Tuesday Jan 29, 2013

Conversions in WebCenter Content

One of the guiding principles with WebCenter Content has been to make it as easy as possible to consume content.  And part of that means viewing content in a format that is optimal for the end user… regardless of the format the content was created in.  So WebCenter Content has a long history of converting files from one format to another.  Often this involves converting a proprietary desktop publishing format to something more open that can be viewed directly from a browser.  Or taking a high resolution image and creating a rendition that download quickly over a slow network.

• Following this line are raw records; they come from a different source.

(* Let $S\subset\{1,\dots,d\}$ and let $y_{S^c}=(y_j)_{j\in S^c}$ be a vector with finite positive entries. Then there exists a unique $u_S(y_{S^c})\in V_S$ such that $$\sum_{j\in S^c} y_j\int_{\Omega_j}\nabla u_S(y_{S^c})\cdot\nabla v\,dx=\langle f,v\rangle_{H^{-1},H^1_0}\quad\text{for all } v\in V_S.$$ Moreover, $u(y_S,y_{S^c})\to u_S(y_{S^c})$ strongly in $H^1_0(\Omega)$ when $y_{S^c}$ is held fixed and $y_j\to\infty$ for all $j\in S$.
   Context: Let $\Omega\subset\mathbb R^m$ be a bounded open domain, partitioned into disjoint open subdomains $\Omega_1,\dots,\Omega_d$ whose closures cover $\overline\Omega$. Equip $H^1_0(\Omega)$ with the norm $\|v\|_{H^1_0}=\|\nabla v\|_{L^2(\Omega)}$. Let $f\in H^{-1}(\Omega)$. For $y=(y_1,\dots,y_d)\in Y:=\,]0,\infty[^d$, let $u(y)\in H^1_0(\Omega)$ be the unique solution of $$\sum_{j=1}^d y_j\int_{\Omega_j}\nabla u(y)\cdot\nabla v\,dx=\langle f,v\rangle_{H^{-1},H^1_0}\quad\text{for all } v\in H^1_0(\Omega),$$ that is, the solution of $-\mathrm{div}(a(y)\nabla u)=f$ with $u=0$ on $\partial\Omega$ and $a(y)=\sum_j y_j\chi_{\Omega_j}$. For $S\subset\{1,\dots,d\}$, set $S^c=\{1,\dots,d\}\setminus S$, write $y=(y_S,y_{S^c})$ with $y_S=(y_j)_{j\in S}$ and $y_{S^c}=(y_j)_{j\in S^c}$, and define the closed subspace $V_S:=\{v\in H^1_0(\Omega):\nabla v|_{\Omega_j}=0 \text{ for all } j\in S\}$. *)

theory Defs
  imports "HOL-Analysis.Analysis"
begin

definition L2 :: "('a::euclidean_space \<Rightarrow> 'b::euclidean_space) \<Rightarrow> bool" where
  "L2 f \<longleftrightarrow> f \<in> borel_measurable lebesgue \<and> integrable lebesgue (\<lambda>x. (norm (f x))\<^sup>2)"

definition L2norm :: "('a::euclidean_space \<Rightarrow> 'b::euclidean_space) \<Rightarrow> real" where
  "L2norm f = sqrt (\<integral>x. (norm (f x))\<^sup>2 \<partial>lebesgue)"

definition C1c :: "'a::euclidean_space set \<Rightarrow> ('a \<Rightarrow> real) \<Rightarrow> ('a \<Rightarrow> 'a) \<Rightarrow> bool" where
  "C1c \<Omega> \<phi> G \<longleftrightarrow> (\<forall>x. (\<phi> has_derivative (\<lambda>h. G x \<bullet> h)) (at x)) \<and> continuous_on UNIV G
     \<and> compact (closure {x. \<phi> x \<noteq> 0}) \<and> closure {x. \<phi> x \<noteq> 0} \<subseteq> \<Omega>"

text \<open>H01 \<Omega> v g: v belongs to H^1_0(\<Omega>) (closure of C^1_c(\<Omega>) in the H^1 norm)
  and g is its weak gradient.\<close>
definition H01 :: "'a::euclidean_space set \<Rightarrow> ('a \<Rightarrow> real) \<Rightarrow> ('a \<Rightarrow> 'a) \<Rightarrow> bool" where
  "H01 \<Omega> v g \<longleftrightarrow> L2 v \<and> L2 g \<and>
     (\<exists>\<phi> G. (\<forall>n. C1c \<Omega> (\<phi> n) (G n)) \<and>
        (\<lambda>n. L2norm (\<lambda>x. \<phi> n x - v x)) \<longlonglongrightarrow> 0 \<and>
        (\<lambda>n. L2norm (\<lambda>x. G n x - g x)) \<longlonglongrightarrow> 0)"

definition Hminus1 :: "'a::euclidean_space set \<Rightarrow> (('a \<Rightarrow> real) \<Rightarrow> real) \<Rightarrow> bool" where
  "Hminus1 \<Omega> F \<longleftrightarrow>
     (\<forall>v g w h. H01 \<Omega> v g \<longrightarrow> H01 \<Omega> w h \<longrightarrow> F (\<lambda>x. v x + w x) = F v + F w) \<and>
     (\<forall>v g c. H01 \<Omega> v g \<longrightarrow> F (\<lambda>x. c * v x) = c * F v) \<and>
     (\<exists>C. \<forall>v g. H01 \<Omega> v g \<longrightarrow> \<bar>F v\<bar> \<le> C * L2norm g)"

definition VS :: "(nat \<Rightarrow> 'a::euclidean_space set) \<Rightarrow> nat set \<Rightarrow> ('a \<Rightarrow> 'a) \<Rightarrow> bool" where
  "VS Om S g \<longleftrightarrow> (\<forall>j\<in>S. AE x in lebesgue. x \<in> Om j \<longrightarrow> g x = 0)"

end

theory Submission
  imports Defs
begin

text \<open>
  Let a_y(g, h) = \<Sum>_j y_j \<integral>_{\<Omega>_j} g \<cdot> h (form y g h below) be the form with coefficients y.
  Testing the equation for u(y) with u(y) itself shows that the energy F(u(y)) = a_y(\<nabla>u(y), \<nabla>u(y))
  is nonnegative, and testing the equations for u(y) and u(y') with each other shows that for
  y \<le> y' the energy drops by at least a_y(\<nabla>u(y') - \<nabla>u(y), \<nabla>u(y') - \<nabla>u(y)). With the
  coefficients off S fixed and those on S larger than 1, a_y dominates a fixed multiple of the
  squared L2 norm, so as the energies approach their infimum the gradients form a Cauchy net when
  y_j \<rightarrow> \<infinity> for j \<in> S. Completeness of L2 and the Poincare inequality produce the limit in
  H^1_0. Its gradient vanishes on \<Omega>_j for j \<in> S, because y_j \<integral>_{\<Omega>_j} |\<nabla>u(y)|^2 is bounded by the
  energy; passing to the limit in the equations tested with functions of V_S gives the limit
  problem, and coercivity of its form on V_S gives uniqueness.
\<close>

section \<open>Square-integrable functions\<close>

lemma L2_add:
  fixes f g :: "'a::euclidean_space \<Rightarrow> 'b::euclidean_space"
  assumes "L2 f" "L2 g" shows "L2 (\<lambda>x. f x + g x)"
proof -
  have [measurable]: "f \<in> borel_measurable lebesgue" "g \<in> borel_measurable lebesgue"
    using assms by (auto simp: L2_def)
  have "integrable lebesgue (\<lambda>x. 2 * (norm (f x))\<^sup>2 + 2 * (norm (g x))\<^sup>2)"
    using assms by (simp add: L2_def)
  moreover have "(\<lambda>x. (norm (f x + g x))\<^sup>2) \<in> borel_measurable lebesgue" by measurable
  moreover have "AE x in lebesgue. norm ((norm (f x + g x))\<^sup>2) \<le> norm (2 * (norm (f x))\<^sup>2 + 2 * (norm (g x))\<^sup>2)"
  proof (intro AE_I2)
    fix x
    have "(norm (f x + g x))\<^sup>2 \<le> (norm (f x) + norm (g x))\<^sup>2"
      by (simp add: norm_triangle_ineq power_mono)
    also have "\<dots> \<le> 2 * (norm (f x))\<^sup>2 + 2 * (norm (g x))\<^sup>2"
      using zero_le_power2[of "norm (f x) - norm (g x)"] by (simp add: power2_eq_square algebra_simps)
    finally show "norm ((norm (f x + g x))\<^sup>2) \<le> norm (2 * (norm (f x))\<^sup>2 + 2 * (norm (g x))\<^sup>2)" by simp
  qed
  ultimately have "integrable lebesgue (\<lambda>x. (norm (f x + g x))\<^sup>2)"
    by (rule Bochner_Integration.integrable_bound)
  moreover have "(\<lambda>x. f x + g x) \<in> borel_measurable lebesgue" by measurable
  ultimately show ?thesis by (simp add: L2_def)
qed

lemma L2_scaleR:
  fixes f :: "'a::euclidean_space \<Rightarrow> 'b::euclidean_space"
  assumes "L2 f" shows "L2 (\<lambda>x. c *\<^sub>R f x)"
proof -
  have [measurable]: "f \<in> borel_measurable lebesgue" using assms by (auto simp: L2_def)
  have "integrable lebesgue (\<lambda>x. c\<^sup>2 * (norm (f x))\<^sup>2)" using assms by (simp add: L2_def)
  moreover have "(\<lambda>x. c *\<^sub>R f x) \<in> borel_measurable lebesgue" by measurable
  ultimately show ?thesis by (simp add: L2_def power_mult_distrib)
qed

Conversion Decision TreeOver the life of the product, the types and methods for those conversions has grown to provide a broad range of options.  It’s sometimes confusing to know what conversion are available and where exactly they are done (Content Server or Inbound Refinery), so I've put together a flowchart and list describing all of the different types of conversion, how and where they are done, and the pros and cons of each.  This list covers what’s available as of the current release – WebCenter Content 11g PS5.

PDF Conversions

Where: Inbound Refinery
When: Upon check-in
How: Multiple ways
Platform: All (* but depends)

So PDF conversions are probably the most common type of conversion done with WCC.  This involves converting a desktop publishing format (e.g. Microsoft Word) into Adobe PDF format.  The benefits obviously include being able to read the document directly in the browser (with a PDF reader plug-in) and not requiring the 3rd party product to read the proprietary format. In addition, PDFs also provide additional benefits such as being able to start viewing the document before the entire file downloads, possible compression on file size, and the ability to provide watermarks and additional security on the file.  And optionally, PDF/A format can be chosen which is recognized as an approved archival format.

Within PDF conversions, there are several different methods that can be used to create the PDF, depending on the needs and requirements.

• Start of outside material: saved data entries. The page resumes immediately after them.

(* Let $S$ be a string of length $n$ over a totally ordered alphabet, let $i\in[1,n]$ and $j=\mathrm{nss}[i]\ne n+1$. If $\mathrm{llce}(i,j)> j-i$, then $\mathrm{llce}(i-(j-i),i)=\mathrm{llce}(i,j)-(j-i)$ and $\mathrm{nss}[i-(j-i)]=i$.
   Context: For $i\in[1,n+1]$, $S_i=S[i..n]$ ($S_{n+1}$ empty); $\prec$ is the induced lexicographical order. $\mathrm{nss}[i]=\min\{j \mid j=n+1 \text{ or } (j\in(i,n] \text{ and } S_i\succ S_j)\}$ for $i\in[1,n]$. $\mathrm{llce}(a,b)$ is the length of the longest common suffix of the prefixes $S[1..a]$ and $S[1..b]$. *)

theory Defs
  imports Main
begin

text \<open>Strings are lists; positions are 1-based. suf S i = S[i..n] (empty for i = n+1).\<close>
definition suf :: "'a list \<Rightarrow> nat \<Rightarrow> 'a list" where
  "suf S i = drop (i - 1) S"

definition nss :: "'a::linorder list \<Rightarrow> nat \<Rightarrow> nat" where
  "nss S i = (LEAST j. j = length S + 1 \<or>
      (i < j \<and> j \<le> length S \<and> ord_class.lexordp (suf S j) (suf S i)))"

definition llce :: "'a list \<Rightarrow> nat \<Rightarrow> nat \<Rightarrow> nat" where
  "llce S a b = (GREATEST l. l \<le> a \<and> l \<le> b \<and>
      drop (a - l) (take a S) = drop (b - l) (take b S))"

end

theory Submission
  imports Defs "HOL-Library.Sublist"
begin

text \<open>
  Put d = j - i and u = S[i..j). Since llce(i, j) counts the letter at position i
  itself, llce(i, j) > d means that u also occupies S[i-d..i), and peeling it off gives
  llce(i, j) = d + llce(i-d, i). With X = S_j this means S_i = u X, S_(i-d) = u u X and
  X < u X, while minimality of nss[i] says that no w X with w a proper nonempty suffix
  of u is smaller than u X. This lifts to v u X >= u u X for the same v, which covers
  every S_k with i - d < k < i; since S_i = u X < u u X, nss[i-d] = i.
\<close>

text \<open>Positions are 1-based: S ! (a - Suc t) is the letter t places before position a,
  so this says S[a-l+1..a] = S[b-l+1..b].\<close>
definition common_suffix_len :: "'a list \<Rightarrow> nat \<Rightarrow> nat \<Rightarrow> nat \<Rightarrow> bool" where
  "common_suffix_len S a b l \<longleftrightarrow> l \<le> a \<and> l \<le> b \<and> (\<forall>t<l. S ! (a - Suc t) = S ! (b - Suc t))"

lemma llce_eq_Greatest_common_suffix_len:
  assumes "a \<le> length S" "b \<le> length S"
  shows "llce S a b = (GREATEST l. common_suffix_len S a b l)"
proof -
  have "drop (a - l) (take a S) = drop (b - l) (take b S) \<longleftrightarrow>
      (\<forall>t<l. S ! (a - Suc t) = S ! (b - Suc t))" if "l \<le> a" "l \<le> b" for l
  proof -
    have "drop (a - l) (take a S) = drop (b - l) (take b S) \<longleftrightarrow>
        take l (rev (take a S)) = take l (rev (take b S))"
      using assms that by (simp add: take_rev min_absorb1)
    also have "\<dots> \<longleftrightarrow> (\<forall>t<l. S ! (a - Suc t) = S ! (b - Suc t))"
      using assms that by (auto simp: list_eq_iff_nth_eq rev_nth)
    finally show ?thesis .
  qed
  then show ?thesis
    unfolding llce_def common_suffix_len_def by (intro arg_cong[where f = Greatest] ext) blast
qed

lemma common_suffix_len_llce:
  assumes "a \<le> length S" "b \<le> length S"
  shows "common_suffix_len S a b (llce S a b)"
  unfolding llce_eq_Greatest_common_suffix_len[OF assms]
  by (rule GreatestI_nat[where k = 0 and b = a]) (auto simp: common_suffix_len_def)

lemma le_llce:
  assumes "a \<le> length S" "b \<le> length S" "common_suffix_len S a b l"
  shows "l \<le> llce S a b"
  unfolding llce_eq_Greatest_common_suffix_len[OF assms(1,2)]
  by (rule Greatest_le_nat[where b = a]) (use assms(3) in \<open>auto simp: common_suffix_len_def\<close>)

lemma common_suffix_len_add_period:
  assumes "a \<le> b"
  shows "common_suffix_len S a b ((b - a) + l) \<longleftrightarrow>
    common_suffix_len S a b (b - a) \<and> common_suffix_len S (a - (b - a)) a l"
proof -
  have split: "(\<forall>t < d + l. P t) \<longleftrightarrow> (\<forall>t<d. P t) \<and> (\<forall>s<l. P (d + s))" for P and d :: nat
    by (auto, metis add_diff_inverse_nat add_less_cancel_left)
  have "S ! (a - Suc (b - a + s)) = S ! (a - (b - a) - Suc s)"
    "S ! (b - Suc (b - a + s)) = S ! (a - Suc s)" for s
    using assms by (simp_all add: algebra_simps)
  then show ?thesis
    unfolding common_suffix_len_def
    using assms by (auto simp only: split)
qed

lemma llce_eq_period_add_llce:
  assumes "a \<le> b" "b \<le> length S" "b - a \<le> llce S a b"
  shows "llce S a b = (b - a) + llce S (a - (b - a)) a"
proof (rule antisym)
  have a_le: "a \<le> length S" "a - (b - a) \<le> length S"
    using assms by auto
  have cs_ab: "common_suffix_len S a b ((b - a) + (llce S a b - (b - a)))"
    using common_suffix_len_llce[OF a_le(1) assms(2)] assms(3) by simp
  then have "common_suffix_len S (a - (b - a)) a (llce S a b - (b - a))"
    using common_suffix_len_add_period[OF assms(1)] by blast
  then have "llce S a b - (b - a) \<le> llce S (a - (b - a)) a"
    by (rule le_llce[OF a_le(2,1)])
  then show "llce S a b \<le> (b - a) + llce S (a - (b - a)) a"
    by simp
  have "common_suffix_len S a b (b - a)"
    using cs_ab common_suffix_len_add_period[OF assms(1)] by blast
  then have "common_suffix_len S a b ((b - a) + llce S (a - (b - a)) a)"
    using common_suffix_len_add_period[OF assms(1)] common_suffix_len_llce[OF a_le(2,1)] by blast
  then show "(b - a) + llce S (a - (b - a)) a \<le> llce S a b"
    by (rule le_llce[OF a_le(1) assms(2)])
qed

lemma take_suf_eq_if_le_llce:
  assumes "a \<le> length S" "b \<le> length S" "l \<le> llce S a b"
  shows "take l (suf S (Suc (a - l))) = take l (suf S (Suc (b - l)))"
proof -
  have cs: "common_suffix_len S a b (llce S a b)"
    using assms(1,2) by (rule common_suffix_len_llce)
  then have "l \<le> a" "l \<le> b"
    using assms(3) by (auto simp: common_suffix_len_def)
  show ?thesis
  proof (rule nth_equalityI)
    show "length (take l (suf S (Suc (a - l)))) = length (take l (suf S (Suc (b - l))))"
      using assms \<open>l \<le> a\<close> \<open>l \<le> b\<close> by (simp add: suf_def)
    fix s assume "s < length (take l (suf S (Suc (a - l))))"
    then have "s < l" by simp
    have idx: "a - Suc (l - Suc s) = a - l + s" "b - Suc (l - Suc s) = b - l + s"
      using \<open>s < l\<close> \<open>l \<le> a\<close> \<open>l \<le> b\<close> by auto
    have "l - Suc s < llce S a b"
      using \<open>s < l\<close> assms(3) by simp
    then have "S ! (a - l + s) = S ! (b - l + s)"
      using cs unfolding common_suffix_len_def idx[symmetric] by blast
    then show "take l (suf S (Suc (a - l))) ! s = take l (suf S (Suc (b - l))) ! s"
      using \<open>s < l\<close> assms(1,2) \<open>l \<le> a\<close> \<open>l \<le> b\<close> by (simp add: suf_def)
  qed
qed

lemma drop_suf: "1 \<le> k \<Longrightarrow> drop m (suf S k) = suf S (k + m)"
  by (simp add: suf_def add.commute)

lemma nss_spec:
  fixes S :: "'a::linorder list"
  assumes "nss S i \<noteq> length S + 1"
  shows "i < nss S i" "nss S i \<le> length S" "ord_class.lexordp (suf S (nss S i)) (suf S i)"
proof -
  have "nss S i = length S + 1 \<or>
      i < nss S i \<and> nss S i \<le> length S \<and> ord_class.lexordp (suf S (nss S i)) (suf S i)"
    unfolding nss_def by (rule LeastI[where k = "length S + 1"]) simp
  with assms show "i < nss S i" "nss S i \<le> length S" "ord_class.lexordp (suf S (nss S i)) (suf S i)"
    by auto
qed

lemma not_lexordp_suf_before_nss:
  fixes S :: "'a::linorder list"
  assumes "i < k" "k < nss S i"
  shows "\<not> ord_class.lexordp (suf S k) (suf S i)"
proof
  assume "ord_class.lexordp (suf S k) (suf S i)"
  moreover have "nss S i \<le> length S + 1"
    unfolding nss_def by (rule Least_le) simp
  then have "k \<le> length S"
    using assms(2) by simp
  ultimately have "nss S i \<le> k"
    unfolding nss_def using assms(1) by (intro Least_le) blast
  with assms(2) show False by simp
qed

lemma nss_eqI:
  fixes S :: "'a::linorder list"
  assumes "i < j" "j \<le> length S" "ord_class.lexordp (suf S j) (suf S i)"
    and "\<And>k. i < k \<Longrightarrow> k < j \<Longrightarrow> \<not> ord_class.lexordp (suf S k) (suf S i)"
  shows "nss S i = j"
  unfolding nss_def
proof (rule Least_equality)
  show "j = length S + 1 \<or> i < j \<and> j \<le> length S \<and> ord_class.lexordp (suf S j) (suf S i)"
    using assms by blast
  fix k assume "k = length S + 1 \<or> i < k \<and> k \<le> length S \<and> ord_class.lexordp (suf S k) (suf S i)"
  then show "j \<le> k"
  proof
    assume "k = length S + 1"
    with assms(2) show ?thesis by simp
  next
    assume "i < k \<and> k \<le> length S \<and> ord_class.lexordp (suf S k) (suf S i)"
    with assms(4) show ?thesis by (meson not_le)
  qed
qed

lemma append_eq_append_Cons_longer:
  assumes "v @ X = us @ b # ws" "length us < length v"
  obtains v' where "v = us @ b # v'"
  using assms by (auto simp: append_eq_append_conv_if append_eq_Cons_conv) (metis append_take_drop_id)

lemma not_lexordp_strict_suffix_doubled:
  fixes u v X :: "'a::linorder list"
  assumes X_less: "ord_class.lexordp X (u @ X)"
    and suffixes: "\<And>w. w \<noteq> [] \<Longrightarrow> strict_suffix w u \<Longrightarrow> \<not> ord_class.lexordp (w @ X) (u @ X)"
    and v: "v \<noteq> []" "strict_suffix v u"
  shows "\<not> ord_class.lexordp (v @ u @ X) (u @ u @ X)"
proof
  assume vuX_less: "ord_class.lexordp (v @ u @ X) (u @ u @ X)"
  have len: "length v < length u"
    using v(2) by (rule suffix_length_less)
  have "\<not> ord_class.lexordp (v @ X) (u @ X)" "v @ X \<noteq> u @ X"
    using suffixes v len by auto
  then have "ord_class.lexordp (u @ X) (v @ X)"
    using lexordp_linear by blast
  then obtain us a b vs ws where ab: "a < b" and u_eq: "u @ X = us @ a # vs" and v_eq: "v @ X = us @ b # ws"
  proof -
    have "\<not> (\<exists>x vs. v @ X = (u @ X) @ x # vs)"
      using len by (auto dest: arg_cong[where f = length])
    with \<open>ord_class.lexordp (u @ X) (v @ X)\<close> that show thesis
      by (auto simp: lexordp_iff)
  qed
  show False
  proof (cases "length us < length v")
    case True
    obtain v' where "v = us @ b # v'"
      using v_eq True by (rule append_eq_append_Cons_longer)
    moreover obtain u' where "u = us @ a # u'"
      using u_eq True len by (elim append_eq_append_Cons_longer) simp
    ultimately have "ord_class.lexordp (u @ u @ X) (v @ u @ X)"
      using ab by (simp add: lexordp_append_left_rightI)
    with vuX_less show False
      using lexordp_antisym by blast
  next
    case False
    then have "take (length v) (u @ X) = take (length v) (v @ X)"
      using u_eq v_eq by simp
    then have "take (length v) u = v"
      using len by simp
    then obtain w where u_vw: "u = v @ w"
      by (metis append_take_drop_id)
    then have w: "w \<noteq> []" "strict_suffix w u"
      using len v(1) by (auto simp: strict_suffix_def suffix_def)
    have "ord_class.lexordp (v @ w @ X) (v @ X)"
      using \<open>ord_class.lexordp (u @ X) (v @ X)\<close> u_vw by simp
    then have "ord_class.lexordp (w @ X) X"
      by (rule lexordp_append_leftD) simp
    then have "ord_class.lexordp (w @ X) (u @ X)"
      using X_less by (rule lexordp_trans)
    with suffixes w show False by blast
  qed
qed

lemma suf_eq_take_append_suf: "1 \<le> i \<Longrightarrow> suf S i = take d (suf S i) @ suf S (i + d)"
  using drop_suf[of i d S] by (metis append_take_drop_id)

lemma not_lexordp_suffix_of_block_before_nss:
  fixes S :: "'a::linorder list"
  assumes nss: "nss S i \<noteq> length S + 1" and "1 \<le> i"
    and w: "w \<noteq> []" "strict_suffix w (take (nss S i - i) (suf S i))"
  shows "\<not> ord_class.lexordp (w @ suf S (nss S i)) (suf S i)"
proof -
  define j where "j = nss S i"
  have j: "i < j" "j \<le> length S"
    using nss_spec[OF nss] unfolding j_def by auto
  obtain z where z: "take (j - i) (suf S i) = z @ w" "z \<noteq> []"
    using w(2) unfolding j_def by (auto simp: strict_suffix_def suffix_def)
  moreover have "length (take (j - i) (suf S i)) = j - i"
    using j by (simp add: suf_def)
  ultimately have w_len: "0 < length z" "0 < length w" "length z + length w = j - i"
    using w(1) by (metis length_append length_greater_0_conv)+
  have "w @ suf S j = drop (length z) (take (j - i) (suf S i) @ suf S j)"
    using z(1) by simp
  also have "\<dots> = drop (length z) (suf S i)"
    using suf_eq_take_append_suf[of i S "j - i"] assms(2) j by simp
  also have "\<dots> = suf S (i + length z)"
    using assms(2) by (rule drop_suf)
  also have "i + length z = j - length w"
    using w_len j by arith
  finally have "w @ suf S j = suf S (j - length w)" .
  moreover have "i < j - length w" "j - length w < j"
    using w_len by arith+
  ultimately show ?thesis
    using not_lexordp_suf_before_nss[of i "j - length w" S] unfolding j_def by simp
qed

lemma nss_of_repeated_block:
  fixes S :: "'a::linorder list"
  assumes nss: "nss S i \<noteq> length S + 1" and d: "d = nss S i - i" "d < i"
    and block: "take d (suf S (i - d)) = take d (suf S i)"
  shows "nss S (i - d) = i"
proof -
  define u where "u = take d (suf S i)"
  define X where "X = suf S (nss S i)"
  have j: "i < nss S i" "ord_class.lexordp X (suf S i)" "nss S i = i + d"
    using nss_spec[OF nss] d(1) unfolding X_def by auto
  have u_len: "length u = d"
    using nss_spec(2)[OF nss] j unfolding u_def by (simp add: suf_def)
  have suf_i: "suf S i = u @ X"
    using suf_eq_take_append_suf[of i S d] d(2) j(3) unfolding u_def X_def by simp
  have suf_p: "suf S (i - d) = u @ suf S i"
    using suf_eq_take_append_suf[of "i - d" S d] d(2) block unfolding u_def by simp
  have X_less: "ord_class.lexordp X (u @ X)"
    using j(2) suf_i by simp
  have u_suffixes: "\<not> ord_class.lexordp (w @ X) (u @ X)" if "w \<noteq> []" "strict_suffix w u" for w
    using not_lexordp_suffix_of_block_before_nss[OF nss _ that(1)] that(2) suf_i d
    unfolding u_def X_def by simp
  show ?thesis
  proof (rule nss_eqI)
    show "i - d < i" "i \<le> length S"
      using d(2) nss_spec(2)[OF nss] j by auto
    show "ord_class.lexordp (suf S i) (suf S (i - d))"
      using lexordp_append_leftI[OF X_less, of u] suf_i suf_p by simp
    fix k assume k: "i - d < k" "k < i"
    define v where "v = drop (k - (i - d)) u"
    have suf_k: "suf S k = v @ u @ X"
      using drop_suf[of "i - d" "k - (i - d)" S] d(2) k suf_p suf_i u_len unfolding v_def by simp
    have "0 < k - (i - d)" "k - (i - d) < length u"
      using k u_len by auto
    then have "v \<noteq> []" "strict_suffix v u"
      unfolding v_def strict_suffix_def by (auto simp: suffix_drop dest: arg_cong[where f = length])
    with suf_k show "\<not> ord_class.lexordp (suf S k) (suf S (i - d))"
      using not_lexordp_strict_suffix_doubled[OF X_less u_suffixes] suf_p suf_i by simp
  qed
qed

theorem lemma11:
  fixes S :: "'a::linorder list" and i j :: nat
  assumes "1 \<le> i" and "i \<le> length S"
    and "j = nss S i" and "j \<noteq> length S + 1"
    and "llce S i j > j - i"
  shows "llce S (i - (j - i)) i = llce S i j - (j - i) \<and> nss S (i - (j - i)) = i"
proof
  have j: "i < j" "j \<le> length S"
    using nss_spec assms(3,4) by auto
  then show "llce S (i - (j - i)) i = llce S i j - (j - i)"
    using llce_eq_period_add_llce[of i j S] assms(5) by simp
  have "j - i < i"
    using assms(5) common_suffix_len_llce[of i S j] assms(2) j
    by (auto simp: common_suffix_len_def)
  moreover have "take (Suc (j - i)) (suf S (i - (j - i))) = take (Suc (j - i)) (suf S i)"
    using take_suf_eq_if_le_llce[of i S j "Suc (j - i)"] assms(2,5) j \<open>j - i < i\<close>
    by (simp add: Suc_diff_Suc)
  then have "take (j - i) (take (Suc (j - i)) (suf S (i - (j - i)))) =
      take (j - i) (take (Suc (j - i)) (suf S i))"
    by (rule arg_cong)
  then have "take (j - i) (suf S (i - (j - i))) = take (j - i) (suf S i)"
    by simp
  ultimately show "nss S (i - (j - i)) = i"
    using nss_of_repeated_block assms(3,4) by blast
qed

end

PDFExportConverter – This method uses Oracle’s own OutsideIn filters to directly convert multiple format types into PDF.  The benefits include multiple platform support (any platform that WCC supports), fastest conversion, and no 3rd party software requirements.  The main downside to this type of conversion is it has the lowest fidelity to the original document. Meaning it won’t always exactly match the look and feel of the original document.  These formats are supported by the OutsideIn filters for conversion to PDF.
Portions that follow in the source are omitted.